Army Preparing For First Execution In Half Century

Ronald Gray, a former U.S. Army soldier convicted of raping and killing several women, could become the first person to be put to death by the military in a half-century.

U.S. District Judge J. Thomas Marten in Wichita, Kansas, last week denied Gray’s request for a further stay of execution. Marten ruled a previous stay was “no longer in effect.” Prosecutors said in a brief filed Dec. 9 Gray “seems to believe that he is entitled to an indefinite federal stay of execution while he exhausts his remedies in the military courts. This is not the law.”

"This is life-changing news," Honey Rosalie Schlehuber of Chickasha, Oklahoma, who was 12 when her sister Tammy Cofer Wilson was killed by Gray, told the Fayette (North Carolina) Observer.

"We've been waiting for years."

Wilson was 18 when she was slain. Her nude body was found by her husband, then-Pvt. Troy D. Wilson, in a wooded area near a mobile home park on Dec. 12, 1986.

"I was in the back of the house when I heard my entire family scream and cry," Schlehuber said. "It was so loud, all the screams. I will never, ever forget the cries as my mom and dad found out what happened to her.

"This is not just something you get over. It's having to lie to someone when they ask what happened to your sister. To this day I can't speak of it without tears."

fort bragg
fort bragg

Ronald Gray was stationed at Fort Bragg, North Carolina, when he was convicted in a series of rapes and murders. He could become the first person to be executed by the military in a half century. A military policeman stands outside the Fort Bragg courthouse, Dec. 22, 2015. Photo: Jonathan Drake/Reuters

The investigation of another crime led police to Gray, 51, who has been on death row at Fort Leavenworth, Kansas, since 1988, making him the longest-serving inmate. Execution could take place in the next 30 days at the federal prison in Terre Haute, Indiana — the same facility where Oklahoma City bomber Timothy McVeigh was executed in 2001.

The president will need to sign the execution warrant, something George W. Bush did in 2008, but the order was stayed. A subsequent appeal argued Gray had ineffective counsel and lacked the mental capacity to stand trial. Gray’s attorneys also questioned whether the military had jurisdiction in the case.

If Gray’s sentence is carried out, it would be the first military execution since 1961 when John Bennett hanged for the rape and attempted murder of an Austrian girl. The military’s current method of execution is lethal injection.

Gray, a cook, was stationed at Fort Bragg, North Carolina, when he was convicted by a military court and sentenced to death for three rapes and two murders in Fayetteville, North Carolina. In civilian court, he pleaded guilty to two other murders and five rapes, and was sentenced to eight life sentences. His other murder victims were cab driver Kimberly Ann Ruggles, Army Pvt. Laura Lee Vickery-Clay and Campbell University student Linda Jean Coats.

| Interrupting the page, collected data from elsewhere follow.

text \<open>Uniqueness for the initial value problem: \<open>exp (- L t) (y\<^sup>2 + y'\<^sup>2)\<close> is
  non-increasing once \<open>L \<ge> 1 + sup \<bar>f\<bar>\<close>.\<close>
lemma solves_linear_ode_eq_0:
  assumes sol: "solves_linear_ode a f y y'"
    and f_bound: "\<And>t. a \<le> t \<Longrightarrow> \<bar>f t\<bar> \<le> K"
    and "y a = 0" "y' a = 0" "a \<le> t"
  shows "y t = 0"
proof -
  define L where "L = 1 + \<bar>K\<bar>"
  define \<phi> where "\<phi> t = exp (- L * t) * ((y t)\<^sup>2 + (y' t)\<^sup>2)" for t
  define \<phi>' where "\<phi>' t = exp (- L * t) * (2 * y t * y' t * (1 - f t) - L * ((y t)\<^sup>2 + (y' t)\<^sup>2))"
    for t
  have "(\<phi> has_real_derivative \<phi>' s) (at s within {a..})" if "a \<le> s" for s
    unfolding \<phi>_def \<phi>'_def
    by (rule derivative_eq_intros solves_linear_odeD[OF sol that] refl)+
      (simp add: algebra_simps power2_eq_square)
  moreover have "\<phi>' s \<le> 0" if "a \<le> s" for s
  proof -
    have "2 * y s * y' s * (1 - f s) \<le> \<bar>2 * y s * y' s\<bar> * \<bar>1 - f s\<bar>"
      by (metis abs_ge_self abs_mult)
    also have "\<dots> \<le> ((y s)\<^sup>2 + (y' s)\<^sup>2) * L"
    proof (rule mult_mono)
      show "\<bar>2 * y s * y' s\<bar> \<le> (y s)\<^sup>2 + (y' s)\<^sup>2"
        using sum_squares_bound[of "\<bar>y s\<bar>" "\<bar>y' s\<bar>"] by (simp add: abs_mult)
      show "\<bar>1 - f s\<bar> \<le> L"
        using f_bound[OF that] unfolding L_def by linarith
    qed auto
    finally have "2 * y s * y' s * (1 - f s) - L * ((y s)\<^sup>2 + (y' s)\<^sup>2) \<le> 0"
      by (simp add: algebra_simps)
    then show ?thesis
      unfolding \<phi>'_def by (simp add: mult_nonneg_nonpos)
  qed
  ultimately have "\<phi> t \<le> \<phi> a"
    using DERIV_nonpos_imp_decreasing_atLeast[of a \<phi> \<phi>' a t] \<open>a \<le> t\<close> by auto
  with \<open>y a = 0\<close> \<open>y' a = 0\<close> have "(y t)\<^sup>2 + (y' t)\<^sup>2 \<le> 0"
    by (simp add: \<phi>_def mult_le_0_iff)
  then show ?thesis
    by (simp add: sum_power2_le_zero_iff)
qed

definition wronskian ::
    "(real \<Rightarrow> real) \<Rightarrow> (real \<Rightarrow> real) \<Rightarrow> (real \<Rightarrow> real) \<Rightarrow> (real \<Rightarrow> real) \<Rightarrow> real \<Rightarrow> real" where
  "wronskian y1 y1' y2 y2' t = y1 t * y2' t - y1' t * y2 t"

lemma wronskian_constant:
  assumes "solves_linear_ode a f y1 y1'" "solves_linear_ode a f y2 y2'" "a \<le> t"
  shows "wronskian y1 y1' y2 y2' t = wronskian y1 y1' y2 y2' a"
proof -
  have "(wronskian y1 y1' y2 y2' has_real_derivative 0) (at s within {a..})" if "a \<le> s" for s
    unfolding wronskian_def
    by (rule derivative_eq_intros solves_linear_odeD[OF assms(1) that]
          solves_linear_odeD[OF assms(2) that] refl)+ (simp add: algebra_simps)
  then obtain w where "\<forall>s\<in>{a..}. wronskian y1 y1' y2 y2' s = w"
    using has_field_derivative_zero_constant[of "{a..}"] by force
  with \<open>a \<le> t\<close> show ?thesis by simp
qed

lemma wronskian_nonzero:
  assumes sol1: "solves_linear_ode a f y1 y1'" and sol2: "solves_linear_ode a f y2 y2'"
    and f_bound: "\<And>t. a \<le> t \<Longrightarrow> \<bar>f t\<bar> \<le> K"
    and lin_indep: "\<And>\<alpha> \<beta> :: real. (\<forall>t\<ge>a. \<alpha> * y1 t + \<beta> * y2 t = 0) \<Longrightarrow> \<alpha> = 0 \<and> \<beta> = 0"
  shows "wronskian y1 y1' y2 y2' a \<noteq> 0"
proof
  have initially_zero: "\<alpha> = 0 \<and> \<beta> = 0"
    if "\<alpha> * y1 a + \<beta> * y2 a = 0" "\<alpha> * y1' a + \<beta> * y2' a = 0" for \<alpha> \<beta>
    using solves_linear_ode_eq_0[OF solves_linear_ode_lincomb[OF sol1 sol2] f_bound] that
    by (intro lin_indep) blast
  assume "wronskian y1 y1' y2 y2' a = 0"
  then have "y2 a = 0 \<and> y1 a = 0" "y2' a = 0 \<and> y1' a = 0"
    using initially_zero[of "y2 a" "- y1 a"] initially_zero[of "y2' a" "- y1' a"]
    by (auto simp: wronskian_def algebra_simps)
  then show False
    using initially_zero[of 1 0] by simp
qed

There are five other inmates on the military’s death row:

  • Dwight Loving, formerly of Rochester, New York, who was convicted of the 1988 killings taxi drivers Bobby Sharbino and Christopher Fay in Killeen, Texas, while he was stationed at Fort Hood.

  • Hasan Akbar killed two soldiers — Army Capt. Christopher S. Seifert and Air Force Maj. Gregory L. Stone — and injured 14 others in Kuwait in 2003.

  • Nidal Hasan, an Army psychiatrist, opened fire in a room at Fort Hood, killing 13 people and injuring 31 others in 2009.

  • Andrew Witt killed a fellow airman and his wife at Robins Air Force Base, Georgia, in 2005.

  • Timothy Hennis, a former Army master sergeant at Fort Bragg, was convicted of the 1985 killing of a North Carolina mother and her two daughters.